- Church: Episcopal Church
- Diocese: Nevada
- Elected: 1914
- In office: 1914–1924
- Predecessor: Henry Douglas Robinson
- Successor: Thomas Jenkins

Orders
- Ordination: April 14, 1897
- Consecration: December 16, 1914 by Daniel S. Tuttle

Personal details
- Born: October 22, 1871 West Milwaukee, Wisconsin, United States
- Died: February 6, 1924 (aged 52) Reno, Nevada, United States
- Buried: Silver Terrace Cemetery, Virginia City, Nevada
- Denomination: Anglican
- Spouse: Mary Grace Hunting ​(m. 1894)​

= George Coolidge Hunting =

Missionary bishop of the Episcopal Diocese of Nevada 1914 to 1924

George Coolidge Hunting (October 22, 1871 – February 6, 1924) was missionary bishop of the Episcopal Diocese of Nevada 1914 to 1924.

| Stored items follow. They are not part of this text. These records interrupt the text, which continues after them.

lemma immediate_successor:
  assumes x: "x \<in> F"
  obtains x' where "x' \<in> F" "less_r x x'" "\<And>z. z \<in> F \<Longrightarrow> less_r z x' \<longleftrightarrow> (z, x) \<in> r"
proof -
  obtain x' where x': "x' \<in> F" "less_r x x'" "\<forall>y\<in>{b\<in>F. less_r x b}. (x', y) \<in> r"
    using has_least[of "{b\<in>F. less_r x b}"] no_greatest[OF x] by blast
  have "less_r z x' \<longleftrightarrow> (z, x) \<in> r" if z: "z \<in> F" for z
  proof
    assume "less_r z x'"
    then have "(x', z) \<notin> r" by (rule less_r_not_le)
    then show "(z, x) \<in> r" using x'(3) z not_less_r[OF x z] by blast
  next
    assume "(z, x) \<in> r"
    then show "less_r z x'" using x'(2) le_less_r_trans by blast
  qed
  then show thesis using that x' by blast
qed

lemma successors_cofinal: "t \<in> F \<Longrightarrow> \<exists>u\<in>F. less_r t u \<and> is_succ u"
proof -
  assume t: "t \<in> F"
  obtain u where u: "u \<in> F" "less_r t u" "\<And>z. z \<in> F \<Longrightarrow> less_r z u \<longleftrightarrow> (z, t) \<in> r"
    using immediate_successor[OF t] by blast
  have "\<not> (less_r t v \<and> less_r v u)" for v
    using u(3) less_r_Field less_r_not_le by blast
  then have "is_succ u"
    unfolding is_succ_def using u(2) by blast
  then show ?thesis using u by blast
qed
text \<open>Suppose \<open>\<lambda>\<^sub>1 > 0\<close> but \<open>\<parallel>u\<parallel>\<^sub>2\<^sup>2 < a\<close>. Consider the two-parameter family
  \<open>(t \<sigma>\<^bsup>(1+s)/2\<^esup> u(\<sigma>\<^sup>s x, \<sigma> y), \<sigma>\<^bsup>(1+s)/2\<^esup> v(\<sigma>\<^sup>s x, \<sigma> y))\<close>, along which \<open>J\<close> and \<open>P\<close> are explicit
  functions of \<open>(t, \<sigma>)\<close>. Testing the equation for \<open>u\<close> with \<open>u\<close> itself shows that
  \<open>\<partial>\<^sub>t J = K(u) - \<mu>\<^sub>1\<parallel>u\<parallel>\<^sub>p\<^sup>p - \<beta> r\<^sub>1\<integral>|u|\<^bsup>r\<^sub>1\<^esup>|v|\<^bsup>r\<^sub>2\<^esup> = -\<lambda>\<^sub>1\<parallel>u\<parallel>\<^sub>2\<^sup>2 < 0\<close> at \<open>t = \<sigma> = 1\<close>. So
  raising \<open>t\<close> slightly lowers \<open>J\<close> while the mass \<open>t\<^sup>2\<parallel>u\<parallel>\<^sub>2\<^sup>2\<close> stays below \<open>a\<close>; the intermediate
  value theorem then readjusts \<open>\<sigma>\<close> near \<open>1\<close> to return to the Pohozaev manifold, and this does
  not raise \<open>J\<close> because \<open>\<sigma> = 1\<close> maximises \<open>J\<close> along the \<open>\<sigma>\<close>-fibre through a point of \<open>P\<close>.
  The resulting competitor contradicts minimality. The case of \<open>v\<close> is symmetric.\<close>

section \<open>Diagonal changes of variables\<close>

lemma lborel_integral_diagonal_scaling:
  fixes c :: "'a::euclidean_space \<Rightarrow> real" and f :: "'a \<Rightarrow> real"
  assumes c: "\<And>j. j \<in> Basis \<Longrightarrow> c j \<noteq> 0" and f[measurable]: "f \<in> borel_measurable borel"
  shows "integral\<^sup>L lborel f = (\<Prod>j\<in>Basis. \<bar>c j\<bar>) * (\<integral>x. f (\<Sum>j\<in>Basis. (c j * (x \<bullet> j)) *\<^sub>R j) \<partial>lborel)"
    and "integrable lborel f \<longleftrightarrow> integrable lborel (\<lambda>x. f (\<Sum>j\<in>Basis. (c j * (x \<bullet> j)) *\<^sub>R j))"
proof -
  define T where "T = (\<lambda>x::'a. (0::'a) + (\<Sum>j\<in>Basis. (c j * (x \<bullet> j)) *\<^sub>R j))"
  have [measurable]: "T \<in> borel \<rightarrow>\<^sub>M borel" unfolding T_def by simp
  have L: "lborel = density (distr lborel borel T) (\<lambda>_. (\<Prod>j\<in>Basis. \<bar>c j\<bar>))"
    unfolding T_def by (rule lborel_affine_euclidean[OF c])
  have pos: "0 \<le> (\<Prod>j\<in>Basis. \<bar>c j\<bar>)" by (simp add: prod_nonneg)
  have "integral\<^sup>L lborel f = integral\<^sup>L (distr lborel borel T) (\<lambda>x. (\<Prod>j\<in>Basis. \<bar>c j\<bar>) *\<^sub>R f x)"
    using pos by (subst L) (subst integral_density, auto)
  also have "\<dots> = (\<integral>x. (\<Prod>j\<in>Basis. \<bar>c j\<bar>) *\<^sub>R f (T x) \<partial>lborel)"
    by (subst integral_distr) auto
  finally show "integral\<^sup>L lborel f = (\<Prod>j\<in>Basis. \<bar>c j\<bar>) * (\<integral>x. f (\<Sum>j\<in>Basis. (c j * (x \<bullet> j)) *\<^sub>R j) \<partial>lborel)"
    unfolding T_def by simp
  have "integrable lborel f \<longleftrightarrow> integrable (distr lborel borel T) (\<lambda>x. (\<Prod>j\<in>Basis. \<bar>c j\<bar>) *\<^sub>R f x)"
    using pos by (subst L) (subst integrable_density, auto)
  also have "\<dots> \<longleftrightarrow> integrable lborel (\<lambda>x. (\<Prod>j\<in>Basis. \<bar>c j\<bar>) *\<^sub>R f (T x))"
    by (subst integrable_distr_eq) auto
  also have "\<dots> \<longleftrightarrow> integrable lborel (\<lambda>x. f (T x))"
    using c by simp
  finally show "integrable lborel f \<longleftrightarrow> integrable lborel (\<lambda>x. f (\<Sum>j\<in>Basis. (c j * (x \<bullet> j)) *\<^sub>R j))"
    unfolding T_def by simp
qed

==Early life and education==
Hunting was born on October 22, 1871, in West Milwaukee, Wisconsin, son of George Coolidge Hunting and Mary Ann Ladd. He was a descendant of John Hunting an early settler. He studied at the Virginia Theological Seminary, graduating in 1894. The seminary also awarded him with a Doctor of Divinity in 1914.

==Ordained Ministry==
Hunting was ordained deacon on July 29, 1894 in St Mark's Cathedral, and priest on April 14, 1897 in St Paul's Church. He was in charge of St Paul's Church in Virginia City, Nevada from 1894 until 1898 and then served as a missionary in Nevada and Utah. In 1899 he became rector of St Paul's Church in Evanston, Wyoming, while in 1902 he became chaplain at St Mark's Hospital in Salt Lake City where he remained until 1907. He then undertook missionary work in Ely, Nevada between 1907 and 1912 before becoming department secretary of the Province 8 of the Episcopal Church, serving from 1912 until 1915.

==Episcopacy==
Hunting was elected Missionary Bishop of Nevada in 1914. He was consecrated in St Mark's Cathedral, Salt Lake City on December 16, 1914 by Presiding Bishop Daniel S. Tuttle. During his episcopacy he revived a number of churches in the mining towns of Eureka, Nevada, Virginia City, Nevada, and Austin, Nevada. He acquired property for missions in promising agricultural areas.

==Personal life==
He married Mary Grace Pullman on October 15, 1894. He was also cousin of President Calvin Coolidge.

==Death==
Hunting succumbed to pneumonia and died on February 6, 1924.